#### Task item
Each line that contains the word "partial" counts once; give the total for the records below and nothing else.

Saved data entries

__________________________________________________

(* Let $C_{TS}>0$ be a fixed absolute constant and, for a problem instance, let $N_{TS}=C_{TS}\,\varepsilon_{TS}^{-2}\log(\delta_{TS}^{-1})$ where $\varepsilon_{TS}=\min_{i,j\in[K]}\mathbb E[(\mu_i-\mu_j)_+]$ and $\delta_{TS}=\min_{i\in[K]}\Pr[A^*=i]$. Fix $M\geq 1$. Suppose each prior $\mathcal P_i$, $i\in[K]$, is a $\mathrm{Beta}(\alpha_i,\beta_i)$ distribution with $\alpha_i,\beta_i\in[1,M]$. Then $N_{TS}=O_M(\log K)$, i.e. $N_{TS}\leq c_M\log K$ for $K\geq 2$, where $c_M$ depends only on $M$ (and $C_{TS}$).
   Context: A problem instance consists of $K$ arms with mean rewards $\mu_1,\dots,\mu_K\in[0,1]$ drawn independently, $\mu_i\sim\mathcal P_i$. $A^*=\min(\arg\max_j\mu_j)$. $(x)_+=\max(x,0)$. *)

theory Defs
  imports "HOL-Probability.Probability"
begin

text \<open>Density of the Beta(a,b) distribution on [0,1] (set to 0 at the two
endpoints, a Lebesgue-null set, to avoid the convention 0 powr 0 = 0).\<close>
definition beta_pdf :: "real \<Rightarrow> real \<Rightarrow> real \<Rightarrow> real" where
  "beta_pdf a b x =
     (if 0 < x \<and> x < 1 then x powr (a - 1) * (1 - x) powr (b - 1) / Beta a b else 0)"

definition beta_measure :: "real \<Rightarrow> real \<Rightarrow> real measure" where
  "beta_measure a b = density lborel (\<lambda>x. ennreal (beta_pdf a b x))"

definition instance_measure :: "nat \<Rightarrow> (nat \<Rightarrow> real) \<Rightarrow> (nat \<Rightarrow> real) \<Rightarrow> (nat \<Rightarrow> real) measure" where
  "instance_measure K \<alpha> \<beta> = PiM {..<K} (\<lambda>i. beta_measure (\<alpha> i) (\<beta> i))"

definition best_arm :: "nat \<Rightarrow> (nat \<Rightarrow> real) \<Rightarrow> nat" where
  "best_arm K \<mu> = Min {i \<in> {..<K}. \<forall>j<K. \<mu> j \<le> \<mu> i}"

definition pos_part :: "real \<Rightarrow> real" where
  "pos_part x = max x 0"

definition eps_TS :: "nat \<Rightarrow> (nat \<Rightarrow> real) measure \<Rightarrow> real" where
  "eps_TS K P = Min {(\<integral>\<mu>. pos_part (\<mu> i - \<mu> j) \<partial>P) | i j. i < K \<and> j < K \<and> i \<noteq> j}"

definition delta_TS :: "nat \<Rightarrow> (nat \<Rightarrow> real) measure \<Rightarrow> real" where
  "delta_TS K P = Min {measure P {\<mu> \<in> space P. best_arm K \<mu> = i} | i. i < K}"

definition N_TS :: "real \<Rightarrow> nat \<Rightarrow> (nat \<Rightarrow> real) measure \<Rightarrow> real" where
  "N_TS C K P = C * (eps_TS K P) powr (-2) * ln (1 / delta_TS K P)"

end

theory Submission
  imports Defs
begin

text \<open>
  For parameters in \<open>[1, M]\<close> the Beta density is at most \<open>1 / B(M, M)\<close>, and at least
  \<open>(x (1 - x)) powr (M - 1)\<close> on \<open>(0, 1)\<close>. Hence for any two arms \<open>i, j\<close> the event
  \<open>\<mu>\<^sub>i \<in> [5/8, 7/8], \<mu>\<^sub>j \<in> [1/8, 3/8]\<close>, on which \<open>\<mu>\<^sub>i - \<mu>\<^sub>j \<ge> 1/4\<close>, has probability
  bounded below in terms of \<open>M\<close> alone, and hence so is \<open>\<epsilon>\<^sub>T\<^sub>S\<close>. For \<open>\<delta>\<^sub>T\<^sub>S\<close> put
  \<open>t = B(M, M) / (2K)\<close>: arm \<open>i\<close> is the unique best arm once \<open>\<mu>\<^sub>i \<ge> 1 - t\<close> and
  \<open>\<mu>\<^sub>k < 1 - t\<close> for all \<open>k \<noteq> i\<close>. The first event has probability at least
  \<open>(t/2) (t/4) powr (M - 1)\<close>, each of the others at least \<open>1 - 1/(2K)\<close>, so by Bernoulli's
  inequality \<open>\<delta>\<^sub>T\<^sub>S \<ge> (B(M, M) / (8K)) powr M\<close>, whence \<open>ln (1 / \<delta>\<^sub>T\<^sub>S) = O(log K)\<close>
  with a constant depending on \<open>M\<close> only.
\<close>

lemma integral_eq_0_or_ge_measure:
  fixes f :: "'a \<Rightarrow> real"
  assumes "finite_measure M" "E \<in> sets M" "0 \<le> c"
    and "\<And>x. x \<in> space M \<Longrightarrow> 0 \<le> f x" "\<And>x. x \<in> E \<Longrightarrow> c \<le> f x"
  shows "integral\<^sup>L M f = 0 \<or> c * measure M E \<le> integral\<^sup>L M f"
proof (cases "integrable M f")
  case True
  interpret finite_measure M by (rule assms(1))
  have "c * measure M E = (\<integral>x. c * indicator E x \<partial>M)"
    using assms(2) by simp
  also have "\<dots> \<le> integral\<^sup>L M f"
    using assms by (intro integral_mono'[OF True]) (auto simp: indicator_def)
  finally show ?thesis ..
qed (simp add: not_integrable_integral_eq)

lemma half_le_power_one_minus_inverse:
  assumes "1 \<le> n"
  shows "1/2 \<le> (1 - 1 / (2 * real n)) ^ (n - 1)"
proof -
  have "1/2 \<le> 1 + real (n - 1) * (- 1 / (2 * real n))"
    using assms by (simp add: field_simps of_nat_diff)
  also have "\<dots> \<le> (1 + (- 1 / (2 * real n))) ^ (n - 1)"
    using assms by (intro Bernoulli_inequality) (simp add: field_simps)
  finally show ?thesis by simp
qed

lemma ln_mult_le_mult_ln:
  fixes a x :: real
  assumes "1 \<le> a" "2 \<le> x"
  shows "ln (a * x) \<le> (ln a / ln 2 + 1) * ln x"
proof -
  have "ln a = (ln a / ln 2) * ln 2"
    by simp
  also have "\<dots> \<le> (ln a / ln 2) * ln x"
    using assms by (intro mult_left_mono) auto
  finally show ?thesis
    using assms by (simp add: ln_mult distrib_right)
qed

lemma Beta_real_pos: "0 < a \<Longrightarrow> 0 < b \<Longrightarrow> 0 < Beta a (b::real)"
  by (simp add: Beta_def Gamma_real_pos)

lemma Beta_real_le_1:
  fixes a b :: real
  assumes "1 \<le> a" "1 \<le> b"
  shows "Beta a b \<le> 1"
proof -
  have "Beta 1 1 = (1::real)"
    by (simp add: Beta_def Gamma_plus1[of 1, simplified])
  then show ?thesis
    using Beta_real_mono[of 1 a 1 b] assms by simp
qed

lemma borel_measurable_beta_pdf [measurable]: "beta_pdf a b \<in> borel_measurable borel"
  unfolding beta_pdf_def by measurable

lemma space_beta_measure [simp]: "space (beta_measure a b) = UNIV"
  by (simp add: beta_measure_def)

lemma sets_beta_measure [simp, measurable_cong]: "sets (beta_measure a b) = sets borel"
  by (simp add: beta_measure_def)

lemma emeasure_beta_measure:
  "A \<in> sets borel \<Longrightarrow>
     emeasure (beta_measure a b) A = (\<integral>\<^sup>+x. ennreal (beta_pdf a b x) * indicator A x \<partial>lborel)"
  unfolding beta_measure_def by (subst emeasure_density) auto

lemma prob_space_beta_measure:
  fixes a b :: real
  assumes "0 < a" "0 < b"
  shows "prob_space (beta_measure a b)"
proof (rule prob_spaceI)
  let ?f = "\<lambda>x. x powr (a - 1) * (1 - x) powr (b - 1) / Beta a b"
  have f_integral: "(?f has_integral 1) {0<..<1}"
    using has_integral_divide[OF has_integral_Beta_real[OF assms], of "Beta a b"]
      Beta_real_pos[OF assms]
    by (simp add: has_integral_Icc_iff_Ioo)
  have "(\<integral>\<^sup>+x. ennreal (indicator {0<..<1} x * ?f x) \<partial>lborel) = 1"
    using nn_integral_has_integral_lebesgue[OF _ f_integral] Beta_real_pos[OF assms] by simp
  moreover have "ennreal (beta_pdf a b x) * indicator UNIV x = ennreal (indicator {0<..<1} x * ?f x)"
    for x
    by (simp add: beta_pdf_def indicator_def)
  ultimately show "emeasure (beta_measure a b) (space (beta_measure a b)) = 1"
    by (simp add: emeasure_beta_measure del: indicator_UNIV)
qed

lemma beta_pdf_le:
  fixes a b M x :: real
  assumes "1 \<le> a" "a \<le> M" "1 \<le> b" "b \<le> M"
  shows "beta_pdf a b x \<le> 1 / Beta M M"
proof (cases "0 < x \<and> x < 1")
  case True
  have pos: "0 < Beta M M" using assms by (simp add: Beta_real_pos)
  have "x powr (a - 1) * (1 - x) powr (b - 1) \<le> 1"
    using True assms by (intro mult_le_one powr_le1) auto
  then have "beta_pdf a b x \<le> 1 / Beta a b"
    using True assms Beta_real_pos[of a b] by (simp add: beta_pdf_def divide_right_mono)
  also have "\<dots> \<le> 1 / Beta M M"
    using assms pos by (intro divide_left_mono Beta_real_mono) (auto simp: Beta_real_pos)
  finally show ?thesis .
qed (use assms Beta_real_pos[of M M] in \<open>auto simp: beta_pdf_def\<close>)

__________________________________________________

#### Written solution
4